Others, however, are convinced that this quantitative leap, eliminating the time problem, inaugurates a new qualitative phase in historical research.
Whatever one’s opinions, it is for certain that historians, whether they use quantitative or qualitative methods, are given new opportunities and tools for searching larger datasets than ever before in the humanities. This also means that they are confronted with new problems, and challenges connected to the digitalization of data.
To explore these possibilities and problems WAHSP targets the exploration of a massive data set: eight million pages from daily newspapers in the Netherlands. Digitalization makes it in principle possible to do a quantitative analysis of these data, without resorting to a sample or backbone study. Theoretically, all relevant data can be included in such an analysis, without problems of perceptual bias or dependency on indexations done by other researchers. It also makes the reproducibility of the analysis in practice feasible.
There are however significant practical problems in developing a method for such an analysis. There are technical problems, for instance connected to the quality of the original data (here the newspapers), of their scans, and of sign recognition. And there are methodological problems, connected to the impossibility of actually checking all research results by physical means. How can one construct a method that does not make the historian dependent on the automated systems he or she uses, but assists the historian’s imagination and intuition?
There is of course software available for the text mining of large datasets that can be tailored to the needs of historians, for instance software used by intelligence services or marketing companies. At the moment this software is only commercially available and not particular user-friendly as it requires quite some computer programming expertise.

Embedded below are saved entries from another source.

(* Suppose that $\theta(n)=O(n^{\alpha})$ for some $\alpha\in(0,1]$. Then $\theta'(m)=O(m^{\beta})$, where $\beta=\frac{\alpha}{1+\alpha}$.
   Context: An interval colouring of a graph $G$ is a proper edge-colouring $c\colon E(G)\to\mathbb{N}$ such that for every vertex $v$ the set of colours on edges incident to $v$ is a set of consecutive integers. The interval colouring thickness $\theta(G)$ is the minimum number of interval colourable subgraphs into which $E(G)$ can be edge-decomposed. $\theta(n)$ is the maximum of $\theta(G)$ over graphs $G$ on $n$ vertices and $\theta'(m)$ the maximum of $\theta(G)$ over graphs with $m$ edges. *)

theory Defs
  imports Main "HOL-Library.Landau_Symbols"
begin

text \<open>A finite simple graph is given by its edge set: a finite set of 2-element
  subsets of the vertex type nat. Isolated vertices are irrelevant for colourings.\<close>

definition simple_edges :: "nat set set \<Rightarrow> bool" where
  "simple_edges E \<longleftrightarrow> finite E \<and> (\<forall>e\<in>E. card e = 2)"

definition interval_colouring :: "nat set set \<Rightarrow> (nat set \<Rightarrow> nat) \<Rightarrow> bool" where
  "interval_colouring F c \<longleftrightarrow>
     (\<forall>e\<in>F. \<forall>f\<in>F. e \<noteq> f \<and> e \<inter> f \<noteq> {} \<longrightarrow> c e \<noteq> c f) \<and>
     (\<forall>v a b x. a \<in> c ` {e\<in>F. v \<in> e} \<and> b \<in> c ` {e\<in>F. v \<in> e} \<and> a \<le> x \<and> x \<le> b
        \<longrightarrow> x \<in> c ` {e\<in>F. v \<in> e})"

definition interval_colourable :: "nat set set \<Rightarrow> bool" where
  "interval_colourable F \<longleftrightarrow> (\<exists>c. interval_colouring F c)"

definition ic_thickness :: "nat set set \<Rightarrow> nat" where
  "ic_thickness E = (LEAST k. \<exists>p. (\<forall>e\<in>E. p e < k) \<and>
       (\<forall>i<k. interval_colourable {e\<in>E. p e = i}))"

definition theta_n :: "nat \<Rightarrow> nat" where
  "theta_n n = Max {ic_thickness E | E. simple_edges E \<and> (\<forall>e\<in>E. e \<subseteq> {0..<n})}"

definition theta_m :: "nat \<Rightarrow> nat" where
  "theta_m m = Max {ic_thickness E | E. simple_edges E \<and> card E = m}"

end

theory Submission
  imports Defs
begin

(* Split the edges of a graph with m edges at the degree threshold d = \<lceil>m^\<beta>\<rceil>. At most 2m/d
   vertices have degree \<ge> d, so the edges between them form a graph on at most 2m/d vertices,
   of thickness at most \<theta>(2m/d) = O((m/d)^\<alpha>). Every other edge has an endpoint of degree < d;
   fixing such an end for each edge, an edge conflicts with fewer than 2d others, so a greedy
   colouring with 2d colours makes every colour class a star forest, which is interval colourable.
   The choice of d balances (m/d)^\<alpha> against d. *)

definition ic_decomposition :: "nat set set \<Rightarrow> nat \<Rightarrow> (nat set \<Rightarrow> nat) \<Rightarrow> bool" where
  "ic_decomposition E k p \<longleftrightarrow>
     (\<forall>e\<in>E. p e < k) \<and> (\<forall>i<k. interval_colourable {e\<in>E. p e = i})"

lemma ic_thickness_le: "ic_decomposition E k p \<Longrightarrow> ic_thickness E \<le> k"
  unfolding ic_thickness_def ic_decomposition_def by (rule Least_le) blast

lemma interval_colourable_subsingleton:
  "(\<And>e f. e \<in> F \<Longrightarrow> f \<in> F \<Longrightarrow> e = f) \<Longrightarrow> interval_colourable F"
  unfolding interval_colourable_def interval_colouring_def
  by (rule exI[of _ "\<lambda>_. 0"]) auto

lemma ic_decomposition_card:
  assumes "finite E" shows "\<exists>p. ic_decomposition E (card E) p"
proof -
  obtain p where p: "bij_betw p E {0..<card E}"
    using ex_bij_betw_finite_nat[OF assms] by blast
  then have "ic_decomposition E (card E) p"
    unfolding ic_decomposition_def
    by (auto intro!: interval_colourable_subsingleton simp: bij_betw_def inj_on_def)
  then show ?thesis by blast
qed

lemma ic_thickness_le_card: "finite E \<Longrightarrow> ic_thickness E \<le> card E"
  using ic_decomposition_card ic_thickness_le by blast

lemma ic_decomposition_ic_thickness:
  assumes "finite E" shows "\<exists>p. ic_decomposition E (ic_thickness E) p"
  unfolding ic_thickness_def ic_decomposition_def[symmetric]
  by (rule LeastI_ex) (use ic_decomposition_card[OF assms] in blast)

lemma ic_thickness_Un_le:
  assumes "finite A" "finite B" "A \<inter> B = {}"
  shows "ic_thickness (A \<union> B) \<le> ic_thickness A + ic_thickness B"
proof -
  obtain pA where pA: "ic_decomposition A (ic_thickness A) pA"
    using ic_decomposition_ic_thickness[OF assms(1)] by blast
  obtain pB where pB: "ic_decomposition B (ic_thickness B) pB"
    using ic_decomposition_ic_thickness[OF assms(2)] by blast
  define k where "k = ic_thickness A"
  define p where "p e = (if e \<in> A then pA e else k + pB e)" for e
  have "ic_decomposition (A \<union> B) (k + ic_thickness B) p"
    unfolding ic_decomposition_def
  proof (intro conjI ballI allI impI)
    fix e assume "e \<in> A \<union> B"
    then show "p e < k + ic_thickness B"
      using pA pB by (auto simp: p_def k_def ic_decomposition_def)
  next
    fix i assume i: "i < k + ic_thickness B"
    show "interval_colourable {e \<in> A \<union> B. p e = i}"
    proof (cases "i < k")
      case True
      then have "{e \<in> A \<union> B. p e = i} = {e\<in>A. pA e = i}"
        using assms(3) by (auto simp: p_def)
      then show ?thesis using pA True by (simp add: ic_decomposition_def k_def)
    next
      case False
      then have "{e \<in> A \<union> B. p e = i} = {e\<in>B. pB e = i - k}"
        using assms(3) pA by (auto simp: p_def k_def ic_decomposition_def)
      then show ?thesis using pB False i by (simp add: ic_decomposition_def)
    qed
  qed
  then show ?thesis unfolding k_def by (rule ic_thickness_le)
qed

lemma interval_colouringI:
  assumes "\<And>v. inj_on c {e\<in>F. v \<in> e}" and "\<And>v. \<exists>a b. c ` {e\<in>F. v \<in> e} = {a..<b}"
  shows "interval_colouring F c"
  unfolding interval_colouring_def
proof (intro conjI allI ballI impI)
  fix e f assume "e \<in> F" "f \<in> F" "e \<noteq> f \<and> e \<inter> f \<noteq> {}"
  then obtain v where "e \<in> {e\<in>F. v \<in> e}" "f \<in> {e\<in>F. v \<in> e}" "e \<noteq> f" by blast
  then show "c e \<noteq> c f" using assms(1)[of v] by (auto dest: inj_onD)
next
  fix v a b x
  assume "a \<in> c ` {e\<in>F. v \<in> e} \<and> b \<in> c ` {e\<in>F. v \<in> e} \<and> a \<le> x \<and> x \<le> b"
  moreover obtain a' b' where "c ` {e\<in>F. v \<in> e} = {a'..<b'}" using assms(2) by blast
  ultimately show "x \<in> c ` {e\<in>F. v \<in> e}" by auto
qed

lemma interval_colourable_pendant_ends:
  assumes fin: "finite F" and two: "\<And>e. e \<in> F \<Longrightarrow> card e = 2"
    and end_in: "\<And>e. e \<in> F \<Longrightarrow> l e \<in> e"
    and pendant: "\<And>e f. e \<in> F \<Longrightarrow> f \<in> F \<Longrightarrow> e \<noteq> f \<Longrightarrow> l e \<notin> f"
  shows "interval_colourable F"
proof -
  define h where "h e = the_elem (e - {l e})" for e :: "nat set"
  have edge_eq: "(\<forall>x. x \<in> e \<longleftrightarrow> x = l e \<or> x = h e) \<and> h e \<noteq> l e" if "e \<in> F" for e
  proof -
    have "card (e - {l e}) = 1"
      using two[OF that] end_in[OF that] by (simp add: card_Diff_singleton)
    then obtain x where x: "e - {l e} = {x}" by (rule card_1_singletonE)
    then have "h e = x" by (simp add: h_def)
    moreover have "y \<in> e \<longleftrightarrow> y = l e \<or> y = x" for y
      using x end_in[OF that] by blast
    ultimately show ?thesis using x by blast
  qed
  define S where "S v = {e\<in>F. h e = v}" for v
  have "\<forall>v. \<exists>g. bij_betw g (S v) {0..<card (S v)}"
    using fin by (intro allI ex_bij_betw_finite_nat) (simp add: S_def)
  then obtain g where g: "\<forall>v. bij_betw (g v) (S v) {0..<card (S v)}"
    by (rule choice[THEN exE])
  (* Every vertex is the pendant end of a single edge or the centre of a star, whose edges
     receive the colours 0, 1, ... *)
  define c where "c e = g (h e) e" for e
  have "interval_colouring F c"
  proof (rule interval_colouringI)
    fix v
    have "inj_on c {e\<in>F. v \<in> e} \<and> (\<exists>a b. c ` {e\<in>F. v \<in> e} = {a..<b})"
    proof (cases "\<exists>e\<in>F. l e = v")
      case True
      then obtain e where "e \<in> F" "l e = v" by blast
      then have "{e\<in>F. v \<in> e} = {e}" using pendant end_in by blast
      then have "inj_on c {e\<in>F. v \<in> e}" "c ` {e\<in>F. v \<in> e} = {c e..<Suc (c e)}" by simp_all
      then show ?thesis by blast
    next
      case False
      have "v \<in> e \<longleftrightarrow> h e = v" if "e \<in> F" for e
        using edge_eq[OF that] False that by auto
      then have incident: "{e\<in>F. v \<in> e} = S v" by (auto simp: S_def)
      have "inj_on c (S v) = inj_on (g v) (S v)" by (rule inj_on_cong) (simp add: c_def S_def)
      moreover have "c ` S v = g v ` S v" by (auto simp: c_def S_def)
      ultimately have "inj_on c (S v)" "c ` S v = {0..<card (S v)}"
        using g[rule_format, of v] by (simp_all add: bij_betw_def)
      then show ?thesis unfolding incident by blast
    qed
    then show "inj_on c {e\<in>F. v \<in> e}" "\<exists>a b. c ` {e\<in>F. v \<in> e} = {a..<b}" by blast+
  qed
  then show ?thesis unfolding interval_colourable_def by blast
qed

WAHSP will develop a user-friendly and interactive open source application for the text mining of historical data, working from the perspective and problems of historical methodology: for instance, by trying to take into account dynamic linguistic changes over time. A historian, Stephen Snelders (firstname.lastname@example.org), and a computer scientist, Daan Odijk (email@example.com), collaborate closely in constructing this application. Starting with the data set and specific historical questions about the development of public sentiments around drugs in the Netherlands between 1900 and 1945, the application is constructed and tested.
WAHSP is a collaborative project of the Descartes Centre for the History and Philosophy of the Sciences and the Humanities at Utrecht University and the Informatics Institute of the University of Amsterdam. Also involved are the Royal Library of the Netherlands and the Huygens Institute for Dutch History in The Hague. Project leader is Professor Toine Pieters (Descartes Centre; firstname.lastname@example.org).